This text deals with different concepts related with shares. Firstly, it explains that shares, which are also called equities or stocks, give the owner the right to have a share in the company’s dividend and a vote in the annual general meeting (AGM) that varies depending on the size of the investor’s holding. Secondly, the assets of the company are constituted by the available cash the company has, such as land or buildings, and the amount of raw materials and work-in-hand less its liabilities to creditors (borrowings or payments).

Also, the great majority of shares have a nominal value that symbolize the asset value of the company, which means that shares can be sold at a different price from its nominal value, showing the potential income of the business. There are also some non-voting shares represented with the suffix “A” that have the same advantages of other shares except from the right to vote and that consist of providing the control of the business to the family that has started the company. Some of the disadvantages of this type of shares are that they are traded at a lower price and they are becoming old-fashioned.

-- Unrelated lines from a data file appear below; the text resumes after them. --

lemma transversal_within_hitting_set:
  assumes X: "pair_family V E X" and hit: "\<forall>p\<in>X. p \<inter> M \<noteq> {}"
  obtains Z where "transversal V E X Z" "Z \<subseteq> M"
proof -
  have "\<forall>p\<in>X. \<exists>a. a \<in> p \<inter> M" using hit by blast
  then have "\<exists>f. \<forall>p\<in>X. f p \<in> p \<inter> M" by (rule bchoice)
  then obtain f where f: "\<forall>p\<in>X. f p \<in> p \<inter> M" by blast
  have "inj_on f X"
  proof (rule inj_onI)
    fix p q assume pq: "p \<in> X" "q \<in> X" "f p = f q"
    then have "\<not> disjnt p q" using f by (metis disjnt_iff IntD1)
    then show "p = q" using pairwiseD(1)[OF pair_family_disjoint[OF X] pq(1,2)] by blast
  qed
  then have "card (f ` X) = card X" by (rule card_image)
  moreover have "f ` X \<subseteq> VSR V E"
  proof -
    have "\<Union>X \<subseteq> VSR V E" using X unfolding pair_family_def by simp
    then show ?thesis using f by blast
  qed
  moreover have "\<forall>p\<in>X. f ` X \<inter> p \<noteq> {}" using f by blast
  ultimately have "transversal V E X (f ` X)" unfolding transversal_def by blast
  moreover have "f ` X \<subseteq> M" using f by blast
  ultimately show ?thesis using that by blast
qed

lemma maker_wins_sr_game_pair_family:
  assumes fin: "finite V" and X: "pair_family V E X"
    and srs: "\<And>Z. transversal V E X Z \<Longrightarrow> strong_resolving_set V E (M \<union> Z)"
  shows "maker_wins V (sr_win V E) M {} t"
proof (rule maker_wins_pairing_strategy[OF fin, of X])
  show "\<forall>p\<in>X. card p = 2" using X unfolding pair_family_def by simp
  show "pairwise disjnt X" using X by (rule pair_family_disjoint)
  have "\<Union>X \<subseteq> VSR V E" using X unfolding pair_family_def by simp
  then show "\<Union>X \<subseteq> V" using VSR_subset by (rule subset_trans)
  show "\<forall>p\<in>X. p \<inter> M \<noteq> {} \<or> p \<inter> {} = {}" by simp
  fix M' assume M': "M \<subseteq> M'" "\<forall>p\<in>X. p \<inter> M' \<noteq> {}"
  obtain Z where Z: "transversal V E X Z" "Z \<subseteq> M'"
    using transversal_within_hitting_set[OF X M'(2)] .
  then have "M \<union> Z \<subseteq> M'" using M'(1) by blast
  then show "sr_win V E M'" using srs[OF Z(1)] unfolding sr_win_def by blast
qed

lemma maker_first_wins_sr_game_quasi_pairing:
  assumes fin: "finite V" and "quasi_pairing_srs V E X"
  shows "maker_wins V (sr_win V E) {} {} True"
proof -
  obtain v where X: "pair_family V E X" and v: "v \<in> VSR V E"
    and srs: "\<And>Z. transversal V E X Z \<Longrightarrow> strong_resolving_set V E (insert v Z)"
    using assms(2) unfolding quasi_pairing_srs_def by blast
  have "maker_wins V (sr_win V E) {v} {} False"
    using maker_wins_sr_game_pair_family[OF fin X] srs by simp
  then show ?thesis using v VSR_subset[of V E] by (auto intro: mw_maker)
qed

lemma breaker_to_move_wins_sr_game:
  assumes sg: "simple_graph V E" and U: "U \<subseteq> VSR V E" "SR_induced_maxdeg_ge2 V E U"
    and M: "M \<inter> U = {}"
  shows "breaker_wins V (sr_win V E) M {} False"
proof -
  have fin: "finite V" using sg unfolding simple_graph_def by simp
  have UV: "U \<subseteq> V" using U(1) VSR_subset by (rule subset_trans)
  obtain x where x: "x \<in> U" "2 \<le> card {w\<in>U. mmd V E x w}"
    using U(2) unfolding SR_induced_maxdeg_ge2_def by blast
  obtain N where "N \<subseteq> {w\<in>U. mmd V E x w}" "card N = 2"
    using obtain_subset_with_card_n[OF x(2)] by blast
  then obtain w1 w2 where w: "w1 \<in> U" "w2 \<in> U" "w1 \<noteq> w2" "mmd V E x w1" "mmd V E x w2"
    by (auto simp: card_2_iff)
  have needs_pair: "w1 \<in> M' \<and> w2 \<in> M'" if "sr_win V E M'" "x \<notin> M'" for M'
    using that strong_resolving_set_meets_mmd_pair[OF sg w(4)]
      strong_resolving_set_meets_mmd_pair[OF sg w(5)] unfolding sr_win_def by blast
  have "breaker_wins V (sr_win V E) M {x} True"
    by (rule breaker_wins_pairing_strategy[OF fin]) (use UV w x M needs_pair in auto)
  moreover have "x \<in> V - (M \<union> {})" using x(1) UV M by blast
  ultimately show ?thesis by (rule bw_breaker[rotated])
qed

lemma breaker_wins_sr_game_maxdeg_ge2_minus_vertex:
  assumes sg: "simple_graph V E" and "V \<noteq> {}"
    and robust: "\<forall>u\<in>VSR V E. SR_induced_maxdeg_ge2 V E (VSR V E - {u})"
  shows "breaker_wins V (sr_win V E) {} {} t"
proof -
  obtain u0 where u0: "u0 \<in> VSR V E" using VSR_nonempty[OF sg \<open>V \<noteq> {}\<close>] by blast
  have B_game: "breaker_wins V (sr_win V E) M {} False" if "M \<inter> (VSR V E - {u0}) = {}" for M
    using breaker_to_move_wins_sr_game[OF sg _ robust[rule_format, OF u0] that] by blast
  have "breaker_wins V (sr_win V E) {v} {} False" if "v \<in> V" for v
  proof (cases "v \<in> VSR V E")
    case True
    then show ?thesis using breaker_to_move_wins_sr_game[OF sg _ robust[rule_format, OF True]] by blast
  next
    case False
    then show ?thesis using B_game by blast
  qed
  then show ?thesis using B_game[of "{}"] \<open>V \<noteq> {}\<close> by (cases t) (auto intro: bw_maker)
qed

In addition, the dividend of the business is the part of profit that is paid to shareholders, but the company only gives a part of the profit as a dividend, because the rest is used to finance internal growth of the company and to maintain dividends if the business is in decline. The cover of the dividend is the number of times that a company has paid its net dividend.

The P/E Ratio represents how many years of earning per share (earnings divided by the number of shares) at the current share price would be necessary to pay for the share but not all the profits are paid as dividend so companies hope dividends will rise each year in order to reduce the repayment time of the share price.

Finally, another important concept is the yield, which reflects a net percentage of the current share price and that is different in each country. The yields in each country are lower than the interest in local bonds because bonds are considered to be safer.